▸ **What to work on**
A verbatim copy of the line containing "by (auto simp: image_iff" and all lines after it, up to and including the final line of the records, is the only acceptable output.

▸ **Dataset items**
(* Let $f,g:\mathbb{N}\to\mathbb{C}$ be functions, neither identically zero, such that \[ g(n)=\sum_{k=1}^{n}\binom{n-1}{k-1} f(k)\quad\text{for all } n\in\mathbb{N}. \] Then at least one of $\{n: f(n)\neq 0\}$ and $\{n: g(n)\neq 0\}$ is infinite. *)

theory Defs
  imports Complex_Main
begin

end

theory Submission
  imports Defs
begin

text \<open>Shifting indices, g(m+1) is the binomial transform of a(j) = f(j+1), which for finitely
  supported a is a polynomial in m of degree max{j. a j \<noteq> 0}. Such a polynomial cannot vanish
  for all large m: the forward difference of the binomial transform is the binomial transform of
  the shifted sequence, so induction on the degree reduces to a nonzero constant.\<close>

definition binomial_transform :: "(nat \<Rightarrow> 'a::comm_semiring_1) \<Rightarrow> nat \<Rightarrow> 'a" where
  "binomial_transform a m = (\<Sum>j\<le>m. of_nat (m choose j) * a j)"

lemma binomial_transform_Suc:
  "binomial_transform a (Suc m) = binomial_transform a m + binomial_transform (\<lambda>j. a (Suc j)) m"
proof -
  have "binomial_transform a m = a 0 + (\<Sum>j\<le>m. of_nat (m choose Suc j) * a (Suc j))"
  proof -
    have "binomial_transform a m = (\<Sum>j\<le>Suc m. of_nat (m choose j) * a j)"
      by (simp add: binomial_transform_def sum.atMost_Suc binomial_eq_0)
    also have "\<dots> = a 0 + (\<Sum>j\<le>m. of_nat (m choose Suc j) * a (Suc j))"
      by (subst sum.atMost_Suc_shift) simp
    finally show ?thesis .
  qed
  moreover have "binomial_transform a (Suc m) = a 0 + (\<Sum>j\<le>m. of_nat (Suc m choose Suc j) * a (Suc j))"
    unfolding binomial_transform_def by (subst sum.atMost_Suc_shift) simp
  ultimately show ?thesis
    by (simp add: binomial_transform_def binomial_Suc_Suc sum.distrib distrib_right add_ac)
qed

lemma binomial_transform_const:
  assumes "\<forall>j>0. a j = 0"
  shows "binomial_transform a m = a 0"
  unfolding binomial_transform_def using assms by (subst sum.atMost_shift) simp

lemma binomial_transform_not_eventually_zero:
  fixes a :: "nat \<Rightarrow> 'a::comm_ring_1"
  assumes "a N \<noteq> 0" and "\<forall>j>N. a j = 0"
  shows "\<not> (\<forall>\<^sub>F m in sequentially. binomial_transform a m = 0)"
  using assms
proof (induction N arbitrary: a)
  case 0
  then show ?case by (simp add: binomial_transform_const)
next
  case (Suc N)
  have shift_not_eventually_zero:
    "\<not> (\<forall>\<^sub>F m in sequentially. binomial_transform (\<lambda>j. a (Suc j)) m = 0)"
    using Suc.IH[of "\<lambda>j. a (Suc j)"] Suc.prems by simp
  show ?case
  proof
    assume "\<forall>\<^sub>F m in sequentially. binomial_transform a m = 0"
    then have "\<forall>\<^sub>F m in sequentially. binomial_transform a m = 0 \<and> binomial_transform a (Suc m) = 0"
      using eventually_sequentially_Suc[of "\<lambda>m. binomial_transform a m = 0"]
      by (simp add: eventually_conj_iff)
    then have "\<forall>\<^sub>F m in sequentially. binomial_transform (\<lambda>j. a (Suc j)) m = 0"
      by (rule eventually_mono) (auto simp: binomial_transform_Suc)
    with shift_not_eventually_zero show False ..
  qed
qed

lemma infinite_binomial_transform_support:
  fixes a :: "nat \<Rightarrow> 'a::comm_ring_1"
  assumes finite: "finite {j. a j \<noteq> 0}" and nonzero: "\<exists>j. a j \<noteq> 0"
  shows "infinite {m. binomial_transform a m \<noteq> 0}"
proof
  assume "finite {m. binomial_transform a m \<noteq> 0}"
  then have "\<forall>\<^sub>F m in sequentially. binomial_transform a m = 0"
    by (simp add: cofinite_eq_sequentially[symmetric] eventually_cofinite)
  moreover define N where "N = Max {j. a j \<noteq> 0}"
  have "a N \<noteq> 0"
    using Max_in[OF finite] nonzero by (auto simp: N_def)
  moreover have "\<forall>j>N. a j = 0"
    using Max_ge[OF finite] by (force simp: N_def)
  ultimately show False
    using binomial_transform_not_eventually_zero by blast
qed

lemma sum_choose_pred_eq_binomial_transform:
  "(\<Sum>k=1..Suc m. of_nat (m choose (k - 1)) * f k) = binomial_transform (\<lambda>j. f (Suc j)) m"
  unfolding One_nat_def sum.shift_bounds_cl_Suc_ivl
  by (simp add: binomial_transform_def atLeast0AtMost)

lemma Collect_ge_1_eq_image_Suc: "{n. n \<ge> 1 \<and> P n} = Suc ` {m. P (Suc m)}"
  by (auto simp: image_iff Suc_le_eq gr0_conv_Suc)

theorem proposition5p1:
  fixes f g :: "nat \<Rightarrow> complex"
  assumes f_nz: "\<exists>n\<ge>1. f n \<noteq> 0"
    and g_nz: "\<exists>n\<ge>1. g n \<noteq> 0"
    and rel: "\<And>n. n \<ge> 1 \<Longrightarrow> g n = (\<Sum>k=1..n. of_nat ((n - 1) choose (k - 1)) * f k)"
  shows "infinite {n. n \<ge> 1 \<and> f n \<noteq> 0} \<or> infinite {n. n \<ge> 1 \<and> g n \<noteq> 0}"
proof -
  define a where "a j = f (Suc j)" for j
  have f_support: "{n. n \<ge> 1 \<and> f n \<noteq> 0} = Suc ` {j. a j \<noteq> 0}"
    unfolding a_def by (rule Collect_ge_1_eq_image_Suc)
  have "g (Suc m) = binomial_transform a m" for m
    using rel[of "Suc m"] unfolding a_def sum_choose_pred_eq_binomial_transform[symmetric] by simp
  then have g_support: "{n. n \<ge> 1 \<and> g n \<noteq> 0} = Suc ` {m. binomial_transform a m \<noteq> 0}"
    unfolding Collect_ge_1_eq_image_Suc by simp
  have "\<exists>j. a j \<noteq> 0"
    using f_nz f_support by blast
  then show ?thesis
    unfolding f_support g_support
    using infinite_binomial_transform_support[of a] by (simp add: finite_image_iff)
qed

end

▸ **Task solution**
  by (auto simp: image_iff Suc_le_eq gr0_conv_Suc)

theorem proposition5p1:
  fixes f g :: "nat \<Rightarrow> complex"
  assumes f_nz: "\<exists>n\<ge>1. f n \<noteq> 0"
    and g_nz: "\<exists>n\<ge>1. g n \<noteq> 0"
    and rel: "\<And>n. n \<ge> 1 \<Longrightarrow> g n = (\<Sum>k=1..n. of_nat ((n - 1) choose (k - 1)) * f k)"
  shows "infinite {n. n \<ge> 1 \<and> f n \<noteq> 0} \<or> infinite {n. n \<ge> 1 \<and> g n \<noteq> 0}"
proof -
  define a where "a j = f (Suc j)" for j
  have f_support: "{n. n \<ge> 1 \<and> f n \<noteq> 0} = Suc ` {j. a j \<noteq> 0}"
    unfolding a_def by (rule Collect_ge_1_eq_image_Suc)
  have "g (Suc m) = binomial_transform a m" for m
    using rel[of "Suc m"] unfolding a_def sum_choose_pred_eq_binomial_transform[symmetric] by simp
  then have g_support: "{n. n \<ge> 1 \<and> g n \<noteq> 0} = Suc ` {m. binomial_transform a m \<noteq> 0}"
    unfolding Collect_ge_1_eq_image_Suc by simp
  have "\<exists>j. a j \<noteq> 0"
    using f_nz f_support by blast
  then show ?thesis
    unfolding f_support g_support
    using infinite_binomial_transform_support[of a] by (simp add: finite_image_iff)
qed

end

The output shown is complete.